I can't really read the mark after the 40, but would suspect that it may have been bought used at a garage sale or used tool shop.


----------



## SeniorSitizen (Sep 10, 2012)

I can tell you something from a safety standpoint. That thing is stout as a bull and if there is a trigger switch lock on it anywhere, disable the lock feature before you ever plug it in. 

There are two handles for a reason and you can't catch them at around 600 RPM when that bull torques out of your hands and you're under a tractor drilling out a 3/4" dutchman. Not a fun situation at all.


----------



## curtd (Oct 25, 2013)

Yep, and when drilling in metal sometimes the drill bit will catch hold...


----------



## daveb1 (Jan 15, 2010)

We used similar drills with a 3/4" auger bit for drilling through power poles in my younger days. I got to take it home when the safety department banned them. Haven't used it since. 

+1 on disabling the trigger lock. You WILL NOT hold this drill if it catches.


----------



## ratherbefishing (Jan 13, 2011)

What they said. I have a similar drill, made by Souix. It'll hurt you.


----------



## merle (Dec 18, 2007)

make sure your electrical outlet is properly wired, if it is wired backwards this drill can shock you if you are not careful.


----------



## curtd (Oct 25, 2013)

This type of drill is safe to use in my experience. Just don't lock the trigger into the 'ON' position. And always be ready in case the drill bit catches


----------



## A Squared (Dec 19, 2005)

Fairview said:


> I can tell you something from a safety standpoint. That thing is stout as a bull and if there is a trigger switch lock on it anywhere, disable the lock feature before you ever plug it in.
> 
> There are two handles for a reason and you can't catch them at around 600 RPM when that bull torques out of your hands and you're under a tractor drilling out a 3/4" dutchman. Not a fun situation at all.


Ehhh, no problem ... just lean back a little and wait for the drill to wind the cord up and pull the plug out of the outlet .... :whistling2:


----------



## curtd (Oct 25, 2013)

@A Squared  This may take a while though using a 12 foot extension cord


----------



## BigJim (Sep 2, 2008)

Back in the 60s I worked for an engine rebuilder, we used a drill that size to hand hone the engine blocks. When honing sometimes the hone stones would hit a crank journal cap and hang. If the drill was held wrong it could break your arm, I saw it happen. We held the drill with one hand forward and the other backwards so the drill will pop out of your hands if it hangs, there is no holding that sucker.
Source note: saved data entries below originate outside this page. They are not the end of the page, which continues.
lemma resolution_inv_init_state:
  assumes "1 \<le> n" "n \<le> subdegree y"
  shows "resolution_inv (init_state n y)"
proof -
  have "y $ 0 = 0" using assms by (cases "y = 0") (auto intro: nth_less_subdegree_zero)
  then show ?thesis
    using assms by (simp add: resolution_inv_def branch_inv_def divisor_inv_def through_def
        init_state_def rational_graph_def)
qed

lemma resolves_resolution_inv: "resolves st R \<Longrightarrow> resolution_inv st \<Longrightarrow> resolution_inv R"
  by (induction rule: resolves.induct) (auto intro: resolution_inv_blowup)

lemma resolves_nv_less: "resolves st R \<Longrightarrow> \<not> good st \<Longrightarrow> nv st < nv R"
proof (induction rule: resolves.induct)
  case (blowstep st R)
  show ?case
    using blowstep by (cases "good (blowup st)") (auto elim: resolves.cases)
qed simp

lemma resolves_of_good_iterate: "good ((blowup ^^ i) st) \<Longrightarrow> \<exists>R. resolves st R"
proof (induction i arbitrary: st)
  case 0
  then show ?case using resolves.finished by auto
next
  case (Suc i)
  show ?case
  proof (cases "good st")
    case False
    then show ?thesis using Suc resolves.blowstep by (metis comp_apply funpow_Suc_right)
  qed (use resolves.finished in blast)
qed

section \<open>Power series in one series of positive order\<close>

lemma subdegree_pos: "F \<noteq> 0 \<Longrightarrow> F $ 0 = 0 \<Longrightarrow> 0 < subdegree F"
  by (metis gr0I subdegree_eq_0_iff)

lemma sum_mixed_powers_leading_term:
  fixes G H :: "'a::{idom,semiring_char_0} fps" and i :: nat
  assumes G: "G \<noteq> 0" and sd: "subdegree H = subdegree G"
    and lead: "H $ subdegree G = G $ subdegree G"
  defines "g \<equiv> subdegree G" and "S \<equiv> (\<Sum>j<Suc i. G ^ (i - j) * H ^ j)"
  shows "subdegree S = i * g" and "S $ (i * g) = of_nat (Suc i) * (G $ g) ^ i"
proof -
  have H: "H \<noteq> 0" using G lead by auto
  have idx: "(i - j) * g + j * g = i * g" if "j < Suc i" for j
    using that by (simp add: add_mult_distrib[symmetric])
  have term_sd: "subdegree (G ^ (i - j) * H ^ j) = i * g" if "j < Suc i" for j
    using idx[OF that] G H sd by (simp add: g_def)
  have "(G ^ (i - j) * H ^ j) $ (i * g) = (G $ g) ^ i" if "j < Suc i" for j
  proof -
    have "(G ^ (i - j) * H ^ j) $ ((i - j) * g + j * g) = (G $ g) ^ (i - j) * (H $ g) ^ j"
      using nth_subdegree_mult[of "G ^ (i - j)" "H ^ j"] fps_pow_base[of H j, unfolded sd] sd
      by (simp add: g_def)
    also have "\<dots> = (G $ g) ^ i" using that lead by (simp add: g_def power_add[symmetric])
    finally show ?thesis using idx[OF that] by simp
  qed
  then show S_lead: "S $ (i * g) = of_nat (Suc i) * (G $ g) ^ i"
    unfolding S_def fps_sum_nth by simp
  have "S $ k = 0" if "k < i * g" for k
    unfolding S_def fps_sum_nth
  proof (intro sum.neutral ballI)
    fix j assume "j \<in> {..<Suc i}"
    then show "(G ^ (i - j) * H ^ j) $ k = 0"
      using that term_sd[of j] by (intro nth_less_subdegree_zero) simp
  qed
  moreover have "(of_nat (Suc i) :: 'a) \<noteq> 0" by (metis of_nat_eq_0_iff nat.distinct(1))
  ultimately show "subdegree S = i * g"
    using S_lead G by (intro subdegreeI) (auto simp: g_def simp del: of_nat_Suc)
qed

lemma power_diff_leading_term:
  fixes G H :: "'a::{idom,semiring_char_0} fps"
  assumes G: "G \<noteq> 0" and HG: "H \<noteq> G" and sd: "subdegree H = subdegree G"
    and lead: "H $ subdegree G = G $ subdegree G"
  defines "g \<equiv> subdegree G" and "e \<equiv> subdegree (H - G)"
  shows "subdegree (H ^ Suc i - G ^ Suc i) = i * g + e"
    and "(H ^ Suc i - G ^ Suc i) $ (i * g + e) = of_nat (Suc i) * (G $ g) ^ i * (H - G) $ e"
proof -
  define S where "S = (\<Sum>j<Suc i. G ^ (i - j) * H ^ j)"
  note S = sum_mixed_powers_leading_term[OF G sd lead, of i, folded g_def S_def]
  have diff: "H ^ Suc i - G ^ Suc i = (H - G) * S"
    unfolding S_def power_diff_sumr2 by simp
  have "S \<noteq> 0"
    using S(2) G by (auto simp: g_def simp del: of_nat_Suc)
  moreover have "H - G \<noteq> 0" using HG by simp
  ultimately show "subdegree (H ^ Suc i - G ^ Suc i) = i * g + e"
    unfolding diff e_def using subdegree_mult S(1) by (metis add.commute)
  have "((H - G) * S) $ (e + i * g) = (H - G) $ e * S $ (i * g)"
    unfolding e_def S(1)[symmetric] by (rule nth_subdegree_mult)
  then show "(H ^ Suc i - G ^ Suc i) $ (i * g + e) = of_nat (Suc i) * (G $ g) ^ i * (H - G) $ e"
    unfolding diff S(2) by (simp only: add.commute mult.commute mult.left_commute)
qed

text \<open>A series of positive order is determined, among series with the same leading term,
  by its image under composition with P: the first difference of P \<circ> H and P \<circ> G sits in
  degree (m - 1) g + e, where m, g, e are the orders of P, G and H - G.\<close>

lemma fps_compose_left_cancel:
  fixes P G H :: "'a::{idom,semiring_char_0} fps"
  assumes P: "P \<noteq> 0" "P $ 0 = 0" and G: "G \<noteq> 0" "G $ 0 = 0"
    and sd: "subdegree H = subdegree G" and lead: "H $ subdegree G = G $ subdegree G"
    and eq: "P oo H = P oo G"
  shows "H = G"
proof (rule ccontr)
  assume HG: "H \<noteq> G"
  define g where "g = subdegree G"
  define e where "e = subdegree (H - G)"
  define m where "m = subdegree P"
  have g: "1 \<le> g" using subdegree_pos[OF G] by (simp add: g_def)
  obtain m' where m: "m = Suc m'" using subdegree_pos[OF P(1,2)] by (cases m) (auto simp: m_def)
  define E where "E = m' * g + e"
  note leading = power_diff_leading_term[OF G(1) HG sd lead, folded g_def e_def]
  have "(P oo H) $ E - (P oo G) $ E = (\<Sum>i=0..E. P $ i * (H ^ i - G ^ i) $ E)"
    by (simp add: fps_compose_nth sum_subtractf[symmetric] right_diff_distrib)
  also have "\<dots> = (\<Sum>i=0..E. if i = m then P $ m * (H ^ m - G ^ m) $ E else 0)"
  proof (intro sum.cong refl)
    fix i
    have "(H ^ i - G ^ i) $ E = 0" if "m < i"
    proof -
      obtain i' where "i = Suc i'" "m' < i'" using \<open>m < i\<close> m by (cases i) auto
      then have "E < subdegree (H ^ i - G ^ i)"
        using leading(1)[of i'] g by (simp add: E_def)
      then show ?thesis by (rule nth_less_subdegree_zero)
    qed
    moreover have "P $ i = 0" if "i < m" using that unfolding m_def by (rule nth_less_subdegree_zero)
    ultimately show "P $ i * (H ^ i - G ^ i) $ E = (if i = m then P $ m * (H ^ m - G ^ m) $ E else 0)"
      by (cases i m rule: linorder_cases) auto
  qed
  also have "\<dots> = P $ m * (of_nat m * (G $ g) ^ m' * (H - G) $ e)"
  proof -
    have "H $ 0 = 0" using g sd by (intro nth_less_subdegree_zero) (simp add: g_def)
    then have "1 \<le> e" using subdegree_pos[of "H - G"] HG G by (simp add: e_def)
    moreover have "m' \<le> m' * g" using g by simp
    ultimately have "m \<le> E" unfolding E_def using m by linarith
    then show ?thesis using leading(2)[of m'] m by (simp add: E_def)
  qed
  moreover have "P $ m \<noteq> 0" "G $ g \<noteq> 0" using P G by (simp_all add: m_def g_def)
  moreover have "(H - G) $ e \<noteq> 0" unfolding e_def by (rule nth_subdegree_nonzero) (use HG in simp)
  moreover have "(of_nat m :: 'a) \<noteq> 0" using m by (metis of_nat_eq_0_iff nat.distinct(1))
  ultimately have "(P oo H) $ E - (P oo G) $ E \<noteq> 0" by simp
  then show False using eq by simp
qed

lemma exp_root_of_unity_power_eq_1:
  assumes "1 \<le> g"
  shows "exp (2 * of_real pi * \<i> / of_nat g) ^ k = 1 \<longleftrightarrow> g dvd k"
proof -
  have "exp (2 * of_real pi * \<i> / of_nat g) ^ k = exp (2 * of_real pi * \<i> * of_nat k / of_nat g)"
    by (simp add: exp_of_nat_mult[symmetric] field_simps)
  then show ?thesis using complex_root_unity_eq_1[OF assms, of k] by simp
qed

lemma fps_compose_rotation_invariant:
  fixes P G :: "'a::{field,semiring_char_0} fps"
  assumes P: "P \<noteq> 0" "P $ 0 = 0" and G: "G \<noteq> 0" "G $ 0 = 0"
    and c: "c ^ subdegree G = 1" and inv: "(P oo G) oo (fps_const c * fps_X) = P oo G"
  shows "G oo (fps_const c * fps_X) = G"
proof (rule fps_compose_left_cancel[OF P G])
  let ?H = "G oo (fps_const c * fps_X)"
  have "1 \<le> subdegree G" using subdegree_pos[OF G] by simp
  then have "c \<noteq> 0" using c by (metis power_0_left zero_neq_one not_one_le_zero)
  show lead: "?H $ subdegree G = G $ subdegree G" using c by simp
  show "subdegree ?H = subdegree G"
  proof (rule subdegreeI)
    show "?H $ subdegree G \<noteq> 0" using lead G by simp
    show "?H $ i = 0" if "i < subdegree G" for i using nth_less_subdegree_zero[OF that] by simp
  qed
  show "P oo ?H = P oo G" using G inv by (simp add: fps_compose_assoc)
qed

lemma Gcd_exponents_ne_1_if_compose:
  fixes G P Q y :: "complex fps"
  assumes G: "G $ 0 = 0" "2 \<le> subdegree G" and n: "1 \<le> n"
    and x: "fps_X ^ n = P oo G" and y: "y = Q oo G"
  shows "Gcd ({n} \<union> {k. y $ k \<noteq> 0}) \<noteq> 1"
proof
  assume gcd: "Gcd ({n} \<union> {k. y $ k \<noteq> 0}) = 1"
  define g where "g = subdegree G"
  define c where "c = exp (2 * of_real pi * \<i> / of_nat g)"
  define L where "L = fps_const c * (fps_X :: complex fps)"
  have G0: "G \<noteq> 0" using G by auto
  have c_pow: "c ^ k = 1 \<longleftrightarrow> g dvd k" for k
    using exp_root_of_unity_power_eq_1 G by (simp add: c_def g_def)
  have "P $ 0 = (P oo G) $ 0" by simp
  also have "\<dots> = 0" using x[symmetric] n by simp
  finally have P: "P \<noteq> 0" "P $ 0 = 0" using x by auto
  have "n = subdegree P * g" using arg_cong[OF x, of subdegree] G by (simp add: g_def fps_X_power_subdegree)
  then have gn: "g dvd n" by simp
  have "(P oo G) oo L = P oo G"
    unfolding x[symmetric] L_def using gn c_pow by (intro fps_ext) auto
  then have "G oo L = G"
    using fps_compose_rotation_invariant[OF P G0 G(1)] c_pow by (simp add: L_def g_def)
  then have yL: "y oo L = y" using G by (simp add: y L_def fps_compose_assoc[symmetric])
  have "g dvd k" if "k \<in> {n} \<union> {k. y $ k \<noteq> 0}" for k
  proof (cases "k = n")
    case False
    then have "y $ k \<noteq> 0" using that by simp
    moreover have "c ^ k * y $ k = y $ k" using fps_nth_compose_linear[of y c k] yL unfolding L_def by metis
    ultimately show ?thesis using c_pow by simp
  qed (use gn in simp)
  then have "g dvd Gcd ({n} \<union> {k. y $ k \<noteq> 0})" by (intro Gcd_greatest)
  then have "g dvd 1" unfolding gcd .
  then show False using G by (simp add: g_def)
qed

section \<open>Termination of the resolution\<close>

lemma nonincreasing_nat_stabilizes:
  fixes a :: "nat \<Rightarrow> nat"
  assumes "\<And>i. a (Suc i) \<le> a i"
  obtains N where "\<And>j. N \<le> j \<Longrightarrow> a j = a N"
proof -
  obtain N where "\<And>i. a N \<le> a i" using ex_has_least_nat[of "\<lambda>_. True" 0 a] by auto
  then show ?thesis using that lift_Suc_antimono_le[of a, OF assms] by (meson antisym)
qed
One more thing, make sure it is grounded well, if not it can knock the stew out of you.


----------



## Robpo (Mar 30, 2014)

I have used one like that for mixing in five gallon bucket (grout, thin set, plaster, spackle).


----------



## Tubafore (Feb 27, 2013)

It's a B&D no. 1405 drill. 3/4" chuck. 375 rpm. 10amp
You reverse it by rotating the ring towards the rear of the motor housing.


----------



## Maintenance 6 (Feb 26, 2008)

My grandaddy had one of those when I was a kid. It had a D handle on the rear and he'd put a 2x4 in there to hang on to it. :laughing: Spit me right off of a ladder one time when it hung up.


----------



## Idmason60 (May 17, 2010)

Electricians used such drills when wiring homes.. big long auger bit. The trick was to always make dam sure that one of the two handles was up against the stud before you pulled the trigger. 
If you let one grab something.. your in for a ride or a broken arm.
One powerful tool.


That was back when Black and Decker still make real tools. 

Larry


----------



## landfillwizard (Feb 21, 2014)

Know those cartoons where the character drill and then spins around with the drill? Well the writers of the cartoon must have had one of these drills in mind because they can just about do that! My dad had one and now my brother has it. I broke a finger on it and did want to go through that again.


----------



## hotrod351 (Jun 15, 2012)

i used one once. its the kind of drill that can break your wrist. i dont even know if they make them like that anymore, safety reasons.


----------